--- Exercise input Enclosed Below ---

(* Let $ABC$ be a triangle with incenter $I$ and Bevan point $B_e$. Let $A_0, B_0, C_0$ be the points where the $A$-, $B$-, $C$-excircles touch $BC, CA, AB$ respectively, and let $O_0$ be the circumcenter of $A_0B_0C_0$. Let $A', B', C'$ be the feet of the perpendiculars from $B_e$ to $AI, BI, CI$, and let $H'$ be the orthocenter of $A'B'C'$. Then $B_e$, $H'$, $O_0$ are collinear.
   Context: The Bevan point $B_e$ of $ABC$ is the circumcenter of the excentral triangle (the triangle formed by the three excenters of $ABC$). *)

theory Defs
  imports "HOL-Analysis.Analysis"
begin

type_synonym point = "real^2"

definition circumcenter :: "point \<Rightarrow> point \<Rightarrow> point \<Rightarrow> point" where
  "circumcenter P Q R = (THE X. dist X P = dist X Q \<and> dist X Q = dist X R)"

definition orthocenter :: "point \<Rightarrow> point \<Rightarrow> point \<Rightarrow> point" where
  "orthocenter P Q R = (THE H. (H - P) \<bullet> (Q - R) = 0 \<and> (H - Q) \<bullet> (P - R) = 0
                               \<and> (H - R) \<bullet> (P - Q) = 0)"

definition foot :: "point \<Rightarrow> point \<Rightarrow> point \<Rightarrow> point" where
  "foot P X Y = X + (((P - X) \<bullet> (Y - X)) / (norm (Y - X))^2) *\<^sub>R (Y - X)"

text \<open>Incenter and excenters via the standard barycentric coordinates
  (a : b : c) and (-a : b : c) etc., with a = |BC|, b = |CA|, c = |AB|.\<close>
definition incenter :: "point \<Rightarrow> point \<Rightarrow> point \<Rightarrow> point" where
  "incenter A B C = (let a = dist B C; b = dist C A; c = dist A B in
     (1 / (a + b + c)) *\<^sub>R (a *\<^sub>R A + b *\<^sub>R B + c *\<^sub>R C))"

definition excenter :: "point \<Rightarrow> point \<Rightarrow> point \<Rightarrow> point" where
  "excenter A B C = (let a = dist B C; b = dist C A; c = dist A B in
     (1 / (- a + b + c)) *\<^sub>R ((- a) *\<^sub>R A + b *\<^sub>R B + c *\<^sub>R C))"

definition bevan_point :: "point \<Rightarrow> point \<Rightarrow> point \<Rightarrow> point" where
  "bevan_point A B C =
     circumcenter (excenter A B C) (excenter B C A) (excenter C A B)"

end

theory Submission
  imports Defs
begin

(* Barycentric coordinates with respect to ABC turn the statement into polynomial identities in the
   side lengths a = |BC|, b = |CA|, c = |AB|, since the inner product of displacement vectors
   xA + yB + zC (x + y + z = 0) is a quadratic form in a, b, c.  With
   f(a,b,c) = a^3 + a^2(b+c) - a(b+c)^2 - (b+c)(b-c)^2 and s the semiperimeter,
     Be = (a f(a,b,c) : b f(b,c,a) : c f(c,a,b)),   A0 = (0 : s-b : s-c),
     A' = ((b+c)(b+c-a) - a^2 : ab : ac),
   and cyclically.  The extouch triangle is the pedal triangle of Be, so O0 is the midpoint of Be
   and its isogonal conjugate; the orthocentre H' of A'B'C' is the Nagel point (s-a : s-b : s-c).
   Collinearity of Be, H', O0 is then the vanishing of a 3x3 determinant.  A'B'C' degenerates
   exactly when Schur's expression a(a-b)(a-c) + b(b-c)(b-a) + c(c-a)(c-b) vanishes, i.e. for an
   equilateral triangle, and then Be = O0.  Each point is computed at one vertex and transported to
   the others by rotating (A, B, C). *)

section \<open>Plane geometry\<close>

lemma orthogonal_noncollinear_imp_eq_0:
  fixes P Q R w :: point
  assumes "\<not> collinear {P, Q, R}" and "w \<bullet> (Q - P) = 0" and "w \<bullet> (R - P) = 0"
  shows "w = 0"
proof -
  have "P \<noteq> Q" "P \<noteq> R" "Q \<noteq> R"
    using assms(1) by (auto simp: insert_commute)
  then have "\<not> dependent ((\<lambda>x. - P + x) ` {Q, R})"
    using assms(1) affine_dependent_iff_dependent[of P "{Q, R}"]
    by (simp add: collinear_3_eq_affine_dependent)
  then have indep: "independent {Q - P, R - P}"
    by simp
  have "card {Q - P, R - P} = 2"
    using \<open>Q \<noteq> R\<close> by simp
  then have "UNIV \<subseteq> span {Q - P, R - P}"
    using card_ge_dim_independent[OF subset_UNIV indep] by simp
  then have "orthogonal w w"
    using orthogonal_to_span[of w "{Q - P, R - P}" w] assms(2,3)
    by (auto simp: orthogonal_def)
  then show ?thesis
    by (simp add: orthogonal_def)
qed

lemma dist_eq_iff_inner_midpoint:
  fixes X P Q :: "'a::real_inner"
  shows "dist X P = dist X Q \<longleftrightarrow> (X - midpoint P Q) \<bullet> (Q - P) = 0"
proof -
  have "(dist X P)\<^sup>2 - (dist X Q)\<^sup>2 = 2 * ((X - midpoint P Q) \<bullet> (Q - P))"
    by (simp add: dist_norm power2_norm_eq_inner midpoint_def inner_diff_left inner_diff_right
        inner_add_left inner_commute algebra_simps)
  moreover have "dist X P = dist X Q \<longleftrightarrow> (dist X P)\<^sup>2 - (dist X Q)\<^sup>2 = 0"
    by (simp add: power2_eq_iff_nonneg)
  ultimately show ?thesis
    by simp
qed

lemma circumcenter_eqI:
  assumes "\<not> collinear {P, Q, R}" and "dist X P = dist X Q" and "dist X Q = dist X R"
  shows "circumcenter P Q R = X"
  unfolding circumcenter_def
proof (rule the_equality)
  fix Y
  assume Y: "dist Y P = dist Y Q \<and> dist Y Q = dist Y R"
  have "(Y - X) \<bullet> (Q - P) = 0" "(Y - X) \<bullet> (R - P) = 0"
    using Y assms(2,3) unfolding dist_eq_iff_inner_midpoint
    by (simp_all add: inner_diff_left inner_diff_right midpoint_def algebra_simps)
  then show "Y = X"
    using orthogonal_noncollinear_imp_eq_0[OF assms(1)] by (metis eq_iff_diff_eq_0)
qed (use assms in simp)

lemma orthocenter_eqI:
  assumes "\<not> collinear {P, Q, R}"
    and "(X - P) \<bullet> (Q - R) = 0" "(X - Q) \<bullet> (P - R) = 0" "(X - R) \<bullet> (P - Q) = 0"
  shows "orthocenter P Q R = X"
  unfolding orthocenter_def
proof (rule the_equality)
  fix Y
  assume "(Y - P) \<bullet> (Q - R) = 0 \<and> (Y - Q) \<bullet> (P - R) = 0 \<and> (Y - R) \<bullet> (P - Q) = 0"
  then have "(Y - X) \<bullet> (Q - R) = 0" "(Y - X) \<bullet> (P - R) = 0"
    using assms(2,3) by (simp_all add: inner_diff_left)
  moreover have "\<not> collinear {R, Q, P}"
    using assms(1) by (simp add: insert_commute)
  ultimately show "Y = X"
    using orthogonal_noncollinear_imp_eq_0 by (metis eq_iff_diff_eq_0)
qed (use assms in simp)

lemma foot_eqI:
  assumes "X \<noteq> Y" and "collinear {X, Y, F}" and "(P - F) \<bullet> (Y - X) = 0"
  shows "foot P X Y = F"
proof -
  obtain t where F: "F = X + t *\<^sub>R (Y - X)"
  proof -
    have "collinear {X, F, Y}"
      using assms(2) by (simp add: insert_commute)
    then obtain u where "F = u *\<^sub>R X + (1 - u) *\<^sub>R Y"
      using assms(1) collinear_3_expand by blast
    then have "F = X + (1 - u) *\<^sub>R (Y - X)"
      by (simp add: algebra_simps)
    then show ?thesis
      using that by blast
  qed
  have "(P - X) \<bullet> (Y - X) = t * (norm (Y - X))\<^sup>2"
    using assms(3) by (simp add: F power2_norm_eq_inner inner_diff_left inner_add_left)
  then show ?thesis
    using assms(1) by (simp add: foot_def F)
qed

lemma dist_lt_add_if_not_collinear:
  fixes A B C :: point
  assumes "\<not> collinear {A, B, C}"
  shows "dist B C < dist C A + dist A B"
proof -
  have "\<not> between (B, C) A"
    using assms between_imp_collinear[of B C A] by (metis insert_commute)
  then show ?thesis
    using dist_triangle[of B C A] by (simp add: between dist_commute)
qed

section \<open>Barycentric coordinates\<close>

definition bary :: "point \<Rightarrow> point \<Rightarrow> point \<Rightarrow> real \<Rightarrow> real \<Rightarrow> real \<Rightarrow> point" where
  "bary A B C u v w = (1 / (u + v + w)) *\<^sub>R (u *\<^sub>R A + v *\<^sub>R B + w *\<^sub>R C)"

definition bary_form ::
    "real \<Rightarrow> real \<Rightarrow> real \<Rightarrow> real \<Rightarrow> real \<Rightarrow> real \<Rightarrow> real \<Rightarrow> real \<Rightarrow> real \<Rightarrow> real" where
  "bary_form a b c x y z x' y' z' =
     a\<^sup>2 * (y * z' + z * y') + b\<^sup>2 * (z * x' + x * z') + c\<^sup>2 * (x * y' + y * x')"

lemma bary_rotate: "bary A B C u v w = bary B C A v w u"
  by (simp add: bary_def algebra_simps)

lemma bary_vertices: "bary A B C 1 0 0 = A" "bary A B C 0 1 0 = B" "bary A B C 0 0 1 = C"
  by (simp_all add: bary_def)

lemma bary_centroid: "x \<noteq> 0 \<Longrightarrow> bary A B C x x x = (1 / 3) *\<^sub>R (A + B + C)"
  by (simp add: bary_def scaleR_add_right[symmetric])

lemma midpoint_bary:
  fixes A B C :: point and u v w u' v' w' :: real
  defines "s \<equiv> u + v + w" and "s' \<equiv> u' + v' + w'"
  assumes "s \<noteq> 0" and "s' \<noteq> 0"
  shows "midpoint (bary A B C u v w) (bary A B C u' v' w') =
    bary A B C (s' * u + s * u') (s' * v + s * v') (s' * w + s * w')"
proof -
  have "(s' * u + s * u') + (s' * v + s * v') + (s' * w + s * w') = 2 * s * s'"
    unfolding s_def s'_def by algebra
  moreover have "(s' * u + s * u') *\<^sub>R A + (s' * v + s * v') *\<^sub>R B + (s' * w + s * w') *\<^sub>R C =
      s' *\<^sub>R (u *\<^sub>R A + v *\<^sub>R B + w *\<^sub>R C) + s *\<^sub>R (u' *\<^sub>R A + v' *\<^sub>R B + w' *\<^sub>R C)"
    by (simp add: vec_eq_iff algebra_simps)
  ultimately show ?thesis
    using assms(3,4) unfolding bary_def s_def[symmetric] s'_def[symmetric]
    by (simp add: midpoint_def scaleR_add_right)
qed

--- End of Enclosed Exercise input ---

Task item.
Find every line of the data that includes the string "noteq". Copy each of those lines.

Problem solution.
  have "P \<noteq> Q" "P \<noteq> R" "Q \<noteq> R"
    using \<open>Q \<noteq> R\<close> by simp
  assumes "X \<noteq> Y" and "collinear {X, Y, F}" and "(P - F) \<bullet> (Y - X) = 0"
lemma bary_centroid: "x \<noteq> 0 \<Longrightarrow> bary A B C x x x = (1 / 3) *\<^sub>R (A + B + C)"
  assumes "s \<noteq> 0" and "s' \<noteq> 0"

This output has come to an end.